The Right Coast

April 11, 2005
 
A pretty good novelist but not a nice man
By Tom Smith

I think the novels of Saul Below are pretty good, if overrated. I doubt his reputation will last that much longer. I stopped reading him in the mid-70's or so. But I have a grudge against the man, and I'm not the only one. I didn't shed any tears when he died. Apparently he had a well deserved reputation for putting the personal tragedies and other events of people he knew into his books. I know lots of novelists do that, or so I gather from its being a standard gag in comedies about sophisticated New York literary types. When it really happens, however, it's not funny.

My wife's brother was murdered in a notorious home-invasion robbery in the 1970's that plays a prominent part in the plot of Bellow's novel The Dean's December. Mark Gromer, for whom my wife's and my youngest son is named, was an English Ph.D. student at the University of Chicago when he was killed by being thrown out of a window while he attempted to defend his wife against the killers. They had only been married a year or two. She did survive, but obviously her life was never the same. Nor was that of anyone in Mark's family. They did catch the man-and-woman robbery team. The woman rolled, and the man got something like 25 to life for felony murder. Every year, Jeanne's mom would write the parole board, asking that the killer be kept in jail. Jeanne's mom died a few years back. I don't know if Mark's murderer is still in jail or not. I think he belongs in the ground.
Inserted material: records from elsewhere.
lemma not_conj_stable_bounce:
  assumes Z: "Z \<in> lists V" "reduced Z" "set Z = V" and Q: "Q \<in> lists V"
    and pq: "compl_adj V E p q" and tp: "compl_adj V E t p" and "t \<noteq> q"
  shows "\<not> conj_stable Z (Q @ p # concat (replicate (Suc (length Z)) [q, p]))"
    (is "\<not> conj_stable Z (Q @ p # ?B)")
proof
  assume "conj_stable Z (Q @ p # ?B)"
  moreover have pV: "p \<in> V" "t \<in> V" using compl_adjD[OF pq] compl_adjD[OF tp] by auto
  ultimately obtain Z1 Z2 where Z2: "set Z1 = V" "shifts p Z1 Z2" "Z2 \<in> lists V" "reduced Z2"
    "set Z2 = V" "length Z2 = length Z" "conj_stable Z2 ?B"
    using conj_stable_shift[OF Z(1,2) Q] Z(3) by metis
  have "?B \<in> lists V"
    using compl_walk_in_lists[OF compl_walk_bounce[OF pq]] compl_adjD[OF pq] by simp
  then have "conj_stable (rev Z2) ?B"
    using conj_stable_rev Z2(3,7) by blast
  moreover obtain Z' where "Z' \<in> {Z2, rev Z2}" "\<forall>x. right_descent Z' x \<longrightarrow> x = p \<or> E x p"
    using shifts_descents[OF Z2(2)] Z2(1) pV by auto
  ultimately have Z': "Z' \<in> lists V" "reduced Z'" "set Z' = V" "length Z' = length Z"
    "\<forall>x. right_descent Z' x \<longrightarrow> x = p \<or> E x p" "conj_stable Z' ?B"
    using Z2 reduced_rev by (auto simp: in_lists_conv_set)
  have "Suc (length Z) \<le> length (takeWhile (\<lambda>x. x \<noteq> t) Z')"
    using conj_stable_bounce_bound[OF Z'(1,2) _ _ pq tp \<open>t \<noteq> q\<close> Z'(5,6)] Z'(3) pV by simp
  then show False
    using length_takeWhile_le[of _ Z'] Z'(4) by (metis Suc_n_not_le_n le_trans)
qed

lemma not_conj_stable_new_letter:
  assumes Z: "Z \<in> lists V" "reduced Z" and Q: "Q \<in> lists V"
    and t: "t \<in> V" "t \<notin> set Z" "\<not> (\<forall>x\<in>set Z. E t x)"
  shows "\<not> conj_stable Z (Q @ [t])"
proof
  assume stable: "conj_stable Z (Q @ [t])"
  obtain Z' where Z': "Z' \<in> lists V" "reduced Z'" "Z' \<simeq> conjugate Z Q" "set Z' = set Z"
    "length Z' = length Z"
    using conj_stable_reduced[OF Z Q] conj_stable_prefix[OF stable] by metis
  have "reduced (t # Z' @ [t])"
    using reduced_conj_letter[OF Z'(2)] left_descent_in_set right_descent_in_set t Z'(4) by metis
  then have "len (t # Z' @ [t]) = length Z + 2"
    using len_reduced[of "t # Z' @ [t]"] Z'(1,5) t(1) by simp
  moreover have "t # Z' @ [t] \<simeq> conjugate Z (Q @ [t])"
    using weq_context[OF Z'(3), of "[t]" "[t]"] conjugate_snoc by simp
  moreover have "len (conjugate Z (Q @ [t])) = length Z"
    using conj_stable_len[OF stable] .
  ultimately show False
    using weq_len by simp
qed

section \<open>Growing conjugation along walks\<close>

definition conj_grows :: "'a list \<Rightarrow> 'a \<Rightarrow> bool" where
  "conj_grows X p \<longleftrightarrow> len (p # X @ [p]) = len X + 2"

definition grows_along :: "'a list \<Rightarrow> 'a list \<Rightarrow> bool" where
  "grows_along Y P \<longleftrightarrow> (\<exists>j<length P. conj_grows (conjugate Y (take j P)) (P ! j))"

lemma conj_grows_weq: "X \<simeq> X' \<Longrightarrow> conj_grows X p \<longleftrightarrow> conj_grows X' p"
  unfolding conj_grows_def using weq_len[of X X'] weq_len[OF weq_context[of X X' "[p]" "[p]"]] by simp

lemma grows_along_weq: "Y \<simeq> Y' \<Longrightarrow> grows_along Y P \<longleftrightarrow> grows_along Y' P"
  unfolding grows_along_def by (simp add: conj_grows_weq[OF conjugate_weq])

lemma grows_along_append_left:
  assumes "grows_along Y P"
  shows "grows_along Y (P @ Q)"
proof -
  obtain j where "j < length P" "conj_grows (conjugate Y (take j P)) (P ! j)"
    using assms unfolding grows_along_def by blast
  then show ?thesis
    unfolding grows_along_def by (intro exI[of _ j]) (simp add: nth_append)
qed

lemma grows_along_append_right:
  assumes "grows_along (conjugate Y P) Q"
  shows "grows_along Y (P @ Q)"
proof -
  obtain j where "j < length Q" "conj_grows (conjugate (conjugate Y P) (take j Q)) (Q ! j)"
    using assms unfolding grows_along_def by blast
  then show ?thesis
    unfolding grows_along_def by (intro exI[of _ "length P + j"]) (simp add: conjugate_append)
qed

lemma not_grows_along_shrinks:
  assumes Z: "Z \<in> lists V" "reduced Z" and Q: "Q \<in> lists V"
    and "\<not> grows_along Z Q" "\<not> conj_stable Z Q"
  shows "\<exists>j<length Q. len (conjugate Z (take (Suc j) Q)) < length Z"
proof (rule ccontr)
  assume no_shrink: "\<not> ?thesis"
  have "len (conjugate Z (take j Q)) = length Z" if "j \<le> length Q" for j
    using that
  proof (induction j)
    case 0
    then show ?case using len_reduced Z by simp
  next
    case (Suc j)
    let ?X = "conjugate Z (take j Q)"
    have j: "j < length Q" using Suc.prems by simp
    have "?X \<in> lists V" "Q ! j \<in> V"
      using conjugate_in_lists[OF Z(1)] Q j by (auto dest: in_set_takeD)
    moreover have "\<not> conj_grows ?X (Q ! j)"
      using \<open>\<not> grows_along Z Q\<close> j unfolding grows_along_def by blast
    ultimately have "len (Q ! j # ?X @ [Q ! j]) \<le> len ?X"
      using len_conj_letter unfolding conj_grows_def by blast
    moreover have "conjugate Z (take (Suc j) Q) = Q ! j # ?X @ [Q ! j]"
      using j by (simp add: take_Suc_conv_app_nth conjugate_snoc)
    ultimately show ?case
      using Suc no_shrink j by (metis Suc_leD le_neq_implies_less)
  qed
  then show False
    using \<open>\<not> conj_stable Z Q\<close> unfolding conj_stable_def by blast
qed

lemma len_conj_after_growth:
  assumes W: "compl_walk V E W" and Y: "Y \<in> lists V" and i: "i < length W"
    and grows: "conj_grows (conjugate Y (take i W)) (W ! i)"
  shows "len (conjugate Y W) = len (conjugate Y (take i W)) + 2 * (length W - i)"
proof -
  let ?X = "conjugate Y (take i W)" and ?a = "W ! i" and ?R = "drop (Suc i) W"
  have WV: "W \<in> lists V" using compl_walk_in_lists[OF W] .
  then have XV: "?X \<in> lists V" and aV: "?a \<in> V"
    using conjugate_in_lists[OF Y] i by (auto dest: in_set_takeD)
  obtain Z where Z: "Z \<in> lists V" "Z \<simeq> ?X" "length Z = len ?X"
    using exists_geodesic[OF XV] by blast
  have conj_Z: "?a # Z @ [?a] \<simeq> ?a # ?X @ [?a]"
    using weq_context[OF Z(2), of "[?a]" "[?a]"] by simp
  then have "reduced (?a # Z @ [?a])"
    using reduced_iff_len[of "?a # Z @ [?a]"] grows Z aV weq_len unfolding conj_grows_def by simp
  moreover have "compl_walk V E (?a # ?R)"
    using compl_walk_suffix[of "take i W" "drop i W"] W i by (simp add: Cons_nth_drop_Suc)
  ultimately have red: "reduced (conjugate (?a # Z @ [?a]) ?R)"
    by (rule reduced_conj_compl_walk)
  have "W = take i W @ [?a] @ ?R"
    using i by (simp add: Cons_nth_drop_Suc)
  then have "conjugate Y W = conjugate (?a # ?X @ [?a]) ?R"
    by (metis conjugate_append conjugate_snoc append_Nil)
  then have "len (conjugate Y W) = len (conjugate (?a # Z @ [?a]) ?R)"
    using weq_len conjugate_weq[OF conj_Z] weq_sym by metis
  also have "\<dots> = length (conjugate (?a # Z @ [?a]) ?R)"
  proof (rule len_reduced[OF red], rule conjugate_in_lists)
    show "?a # Z @ [?a] \<in> lists V" using Z(1) aV by simp
    show "?R \<in> lists V" using WV by (auto dest: in_set_dropD)
  qed
  finally show ?thesis
    using Z(3) i by (simp add: conjugate_def)
qed

lemma len_conj_grows_along:
  assumes W: "compl_walk V E (P @ R)" and Y: "Y \<in> lists V" and "grows_along Y P"
  shows "2 * length R < len (conjugate Y (P @ R))"
proof -
  obtain j where j: "j < length P" "conj_grows (conjugate Y (take j P)) (P ! j)"
    using \<open>grows_along Y P\<close> unfolding grows_along_def by blast
  then have "len (conjugate Y (P @ R)) = len (conjugate Y (take j P)) + 2 * (length (P @ R) - j)"
    using len_conj_after_growth[OF W Y, of j] by (simp add: nth_append)
  then show ?thesis using j(1) by simp
qed

lemma not_racg_le_if_conj_longer:
  assumes "u \<in> lists V" "x \<in> lists V" and "len x < len (conjugate x u)"
  shows "\<not> racg_le V E u (x @ u)"
  using assms len_append_le[of x u] unfolding racg_le_def conjugate_def by simp

end

section \<open>Connected complement graphs\<close>

locale racg_complement_connected = racg_graph +
  assumes compl_connected: "compl_connected V E" and three_vertices: "card V \<ge> 3"
begin

lemma exists_compl_walk: "a \<in> V \<Longrightarrow> b \<in> V \<Longrightarrow> \<exists>Q. compl_walk V E (a # Q) \<and> last (a # Q) = b"
  using exists_compl_walk_rtranclp compl_connected unfolding compl_connected_def by blast

lemma exists_compl_adj: "a \<in> V \<Longrightarrow> \<exists>c. compl_adj V E a c"
proof -
  assume a: "a \<in> V"
  have "\<not> V \<subseteq> {a}"
    using three_vertices card_mono[of "{a}" V] by auto
  then obtain d where "d \<in> V" "d \<noteq> a" by blast
  then have "(compl_adj V E)\<^sup>*\<^sup>* a d" "a \<noteq> d"
    using a compl_connected unfolding compl_connected_def by auto
  then show ?thesis by (metis converse_rtranclpE)
qed

lemma exists_compl_walk_to: "a \<in> V \<Longrightarrow> b \<in> V \<Longrightarrow> \<exists>Q. compl_walk V E (a # Q @ [b])"
proof -
  assume a: "a \<in> V" and b: "b \<in> V"
  obtain c where c: "compl_adj V E a c" using exists_compl_adj[OF a] by blast
  obtain Q where Q: "compl_walk V E (c # Q)" "last (c # Q) = b"
    using exists_compl_walk[OF _ b] compl_adjD[OF c] by blast
  then have "compl_walk V E (a # butlast (c # Q) @ [b])"
    using c compl_walk_Cons_Cons by (metis append_butlast_last_id list.distinct(1))
  then show ?thesis by blast
qed

lemma exists_compl_path3: "\<exists>p q t. compl_adj V E p q \<and> compl_adj V E t p \<and> t \<noteq> q"
proof -
  obtain a where a: "a \<in> V" using three_vertices by fastforce
  obtain b where ab: "compl_adj V E a b" using exists_compl_adj[OF a] by blast
  have "\<not> V \<subseteq> {a, b}"
    using three_vertices card_mono[of "{a, b}" V] card_insert_le_m1[of 2 "{b}" a] by auto
  then obtain c where c: "c \<in> V" "c \<notin> {a, b}" by blast
  have "(compl_adj V E)\<^sup>*\<^sup>* c a"
    using c a compl_connected unfolding compl_connected_def by blast
  then obtain u v where "compl_adj V E u v" "u \<notin> {a, b}" "v \<in> {a, b}"
    using rtranclp_enters[of "compl_adj V E" c a "{a, b}"] c by blast
  then show ?thesis
    using ab compl_adj_sym by blast
qed

lemma exists_not_right_descent: "\<exists>v\<in>V. \<not> right_descent Z v"
proof -
  obtain a where a: "a \<in> V" using three_vertices by fastforce
  obtain b where "compl_adj V E a b" using exists_compl_adj[OF a] by blast
  then show ?thesis
    using right_descents_commute[of Z a b] compl_adjD by blast
qed

lemma exists_compl_walk_covering: "a \<in> V \<Longrightarrow> set vs \<subseteq> V \<Longrightarrow> \<exists>Q. compl_walk V E (a # Q) \<and> set vs \<subseteq> set Q"
proof (induction vs)
  case Nil
  then show ?case using compl_walk_singleton by blast
next
  case (Cons v vs)
  then obtain Q where Q: "compl_walk V E (a # Q)" "set vs \<subseteq> set Q" by auto
  have "last (a # Q) \<in> V"
    using compl_walk_in_lists[OF Q(1)] by (metis in_listsD last_in_set list.distinct(1))
  moreover have "v \<in> V" using Cons.prems by simp
  ultimately obtain Q' where "compl_walk V E (last (a # Q) # Q' @ [v])"
    using exists_compl_walk_to by blast
  then have "compl_walk V E (a # Q @ Q' @ [v])"
    using compl_walk_join[OF Q(1)] by simp
  then show ?case using Q(2) by (intro exI[of _ "Q @ Q' @ [v]"]) auto
qed
lemma pres_eq_word_inv: "pres_eq R u v \<Longrightarrow> pres_eq R (word_inv u) (word_inv v)"
proof -
  assume uv: "pres_eq R u v"
  have "pres_eq R (word_inv u) (word_inv u @ v @ word_inv v)"
    using pres_eq_prefix[OF pres_eq_word_inv_right[of R v], of "word_inv u"] by (simp add: pres_eq_sym)
  also have "pres_eq R \<dots> (word_inv u @ u @ word_inv v)"
    using pres_eq_sym[OF uv] by (intro pres_eq_append) auto
  also have "\<dots> = (word_inv u @ u) @ word_inv v" by simp
  also have "pres_eq R \<dots> ([] @ word_inv v)"
    by (intro pres_eq_suffix pres_eq_word_inv_left)
  finally show ?thesis by simp
qed

text \<open>Two words are equal when u v^{-1} freely reduces to a product of conjugates c r^{\<pm>1} c^{-1}
  of relators; the list of triples (c, inverted, r) serves as a checkable certificate.\<close>

definition conj_relator :: "'g word \<times> bool \<times> 'g word \<Rightarrow> 'g word" where
  "conj_relator t = (case t of (c, e, r) \<Rightarrow> c @ (if e then word_inv r else r) @ word_inv c)"

lemma pres_eq_conj_relators:
  assumes "\<forall>(c, e, r) \<in> set L. r \<in> R"
  shows "pres_eq R (concat (map conj_relator L)) []"
  using assms
proof (induction L)
  case (Cons t L)
  obtain c e r where t: "t = (c, e, r)" by (cases t)
  then have "pres_eq R (if e then word_inv r else r) []"
    using Cons.prems pres_eq_relator pres_eq_relator_inv by auto
  then have "pres_eq R (c @ (if e then word_inv r else r) @ word_inv c) (c @ [] @ word_inv c)"
    by (intro pres_eq_append) auto
  also have "pres_eq R \<dots> []" using pres_eq_word_inv_right by simp
  finally have "pres_eq R (conj_relator t) []" by (simp add: conj_relator_def t)
  then have "pres_eq R (conj_relator t @ concat (map conj_relator L)) ([] @ [])"
    using Cons by (intro pres_eq_append) auto
  then show ?case by simp
qed simp

lemma pres_eq_by_certificate:
  assumes "free_reduce (u @ word_inv v) = free_reduce (concat (map conj_relator L))"
    and "\<forall>(c, e, r) \<in> set L. r \<in> R"
  shows "pres_eq R u v"
proof -
  have "pres_eq R u ((u @ word_inv v) @ v)"
    using pres_eq_prefix[OF pres_eq_word_inv_left[of R v], of u] by (simp add: pres_eq_sym)
  also have "pres_eq R (u @ word_inv v) []"
  proof -
    have "pres_eq R (u @ word_inv v) (free_reduce (u @ word_inv v))" by (rule pres_eq_free_reduce)
    also have "pres_eq R \<dots> (concat (map conj_relator L))"
      unfolding assms(1) by (rule pres_eq_sym, rule pres_eq_free_reduce)
    also have "pres_eq R \<dots> []" by (rule pres_eq_conj_relators[OF assms(2)])
    finally show ?thesis .
  qed
  then have "pres_eq R ((u @ word_inv v) @ v) ([] @ v)" by (rule pres_eq_suffix)
  finally show ?thesis by simp
qed

lemma pres_eq_free: "free_reduce (u @ word_inv v) = [] \<Longrightarrow> pres_eq R u v"
  using pres_eq_by_certificate[of u v "[]"] by simp

lemma pres_eq_swap_by_relator:
  assumes "[p, q, letter_inv p', letter_inv q'] \<in> R"
  shows "pres_eq R [p, q] [q', p']"
proof -
  have "pres_eq R ([p, q, letter_inv p'] @ [letter_inv q', q'] @ [p']) ([p, q, letter_inv p'] @ [p'])"
    using pres_eq_cancel[of R "[p, q, letter_inv p']" "letter_inv q'" "[p']"] by simp
  also have "pres_eq R \<dots> ([p, q] @ [letter_inv p', p'] @ [])"
    by simp
  also have "pres_eq R \<dots> [p, q]"
    using pres_eq_cancel[of R "[p, q]" "letter_inv p'" "[]"] by simp
  finally have "pres_eq R [p, q] ([] @ [p, q, letter_inv p', letter_inv q'] @ [q', p'])"
    by (simp add: pres_eq_sym)
  also have "pres_eq R \<dots> ([] @ [q', p'])" by (rule pres_eq.relator[OF assms])
  finally show ?thesis by simp
qed

lemma pres_eq_swap_inv_left:
  assumes "pres_eq R [p, q] [q', p']"
  shows "pres_eq R [letter_inv p, q'] [q, letter_inv p']"
proof -
  have "pres_eq R [letter_inv p, q'] ([letter_inv p, q'] @ [p', letter_inv p'] @ [])"
    using pres_eq_cancel[of R "[letter_inv p, q']" p' "[]"] by (simp add: pres_eq_sym)
  also have "pres_eq R \<dots> ([letter_inv p] @ [p, q] @ [letter_inv p'])"
    using pres_eq_prefix[OF pres_eq_suffix[OF pres_eq_sym[OF assms], of "[letter_inv p']"],
        of "[letter_inv p]"] by simp
  also have "pres_eq R \<dots> ([] @ [letter_inv p, letter_inv (letter_inv p)] @ [q, letter_inv p'])"
    by simp
  also have "pres_eq R \<dots> [q, letter_inv p']"
    using pres_eq_cancel[of R "[]" "letter_inv p" "[q, letter_inv p']"] by simp
  finally show ?thesis .
qed

lemma pres_eq_swap_inv_right:
  assumes "pres_eq R [p, q] [q', p']"
  shows "pres_eq R [letter_inv q', p] [p', letter_inv q]"
proof -
  have "pres_eq R [letter_inv q', p] ([letter_inv q', p] @ [q, letter_inv q] @ [])"
    using pres_eq_cancel[of R "[letter_inv q', p]" q "[]"] by (simp add: pres_eq_sym)
  also have "pres_eq R \<dots> ([letter_inv q'] @ [q', p'] @ [letter_inv q])"
    using pres_eq_prefix[OF pres_eq_suffix[OF assms, of "[letter_inv q]"], of "[letter_inv q']"]
    by simp
  also have "pres_eq R \<dots> ([] @ [letter_inv q', letter_inv (letter_inv q')] @ [p', letter_inv q])"
    by simp
  also have "pres_eq R \<dots> [p', letter_inv q]"
    using pres_eq_cancel[of R "[]" "letter_inv q'" "[p', letter_inv q]"] by simp
  finally show ?thesis .
qed

lemma pres_eq_move_past:
  assumes "\<And>l. l \<in> set w \<Longrightarrow> pres_eq R (l # z) (z @ f l)"
  shows "pres_eq R (w @ z) (z @ concat (map f w))"
  using assms
proof (induction w)
  case (Cons l w)
  have "pres_eq R ((l # w) @ z) (l # z @ concat (map f w))"
    using pres_eq_prefix[OF Cons.IH, of "[l]"] Cons.prems by simp
  also have "pres_eq R \<dots> (z @ concat (map f (l # w)))"
    using pres_eq_suffix[OF Cons.prems[of l], of "concat (map f w)"] by simp
  finally show ?case .
qed simp

lemma pres_eq_commute_inv:
  assumes "pres_eq R (u @ z) (z @ u)"
  shows "pres_eq R (word_inv u @ z) (z @ word_inv u)"
proof -
  have "pres_eq R (word_inv u @ z) (word_inv u @ (z @ u) @ word_inv u)"
    using pres_eq_prefix[OF pres_eq_word_inv_right[of R u], of "word_inv u @ z"]
    by (simp add: pres_eq_sym)
  also have "pres_eq R \<dots> (word_inv u @ (u @ z) @ word_inv u)"
    using pres_eq_prefix[OF pres_eq_suffix[OF pres_eq_sym[OF assms], of "word_inv u"], of "word_inv u"]
    by simp
  also have "\<dots> = (word_inv u @ u) @ z @ word_inv u" by simp
  also have "pres_eq R \<dots> ([] @ z @ word_inv u)"
    by (intro pres_eq_suffix pres_eq_word_inv_left)
  finally show ?thesis by simp
qed

lemma word_class_eq: "word_class R u = word_class R v \<longleftrightarrow> pres_eq R u v"
proof
  assume "word_class R u = word_class R v"
  then show "pres_eq R u v" by (auto simp: word_class_def)
next
  assume "pres_eq R u v"
  then show "word_class R u = word_class R v"
    by (auto simp: word_class_def intro: pres_eq_trans pres_eq_sym)
qed

lemma word_class_carrier [simp]: "word_class R w \<in> carrier (presented_group R)"
  by (auto simp: presented_group_def quotient_def word_class_def)

lemma carrier_presented_group_cases:
  assumes "P \<in> carrier (presented_group R)"
  obtains w where "P = word_class R w"
  using assms by (auto simp: presented_group_def quotient_def word_class_def)

lemma word_class_mult [simp]:
  "word_class R u \<otimes>\<^bsub>presented_group R\<^esub> word_class R v = word_class R (u @ v)"
  unfolding presented_group_def word_class_def
  by (auto intro: pres_eq_refl pres_eq_trans pres_eq_append pres_eq_sym)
I did not know my wife or Mark when he died, but I was at their house when the New York Times arrived that had the review of Bellow's book. Bellow did not just borrow the story from the Chicago headlines; he was a friend of Mark and his wife. So the betrayal was personal. Not illegal, of course. Become the victim of a notorious murder, and your privacy dies along with your family member, just to salt the wound. It was heartbreaking to watch Jeanne's mom read the review, which included a passage describing the body of the murdered student, obviously Mark, on the sidewalk. There was her son, her life, spread out for the delectation of readers of the New York Times. How interesting. The look on her face was like somebody had plunged a knife into her heart. I will never forget it. I know this sort of thing happens all the time, but in my book Bellow is just the intellectuals' version of the journalist who thrusts a microphone in the face of a berieved mother, and asks "how does it feel?" It happens, but it is still wrong. It still makes Bellow an opportunist, exploiting grief he could only imagine, and then only imagined because it would help him build up his reputation as a great novelist. A great humanist. A man with such a big heart. One of nature's noblemen. That's why they call it fiction.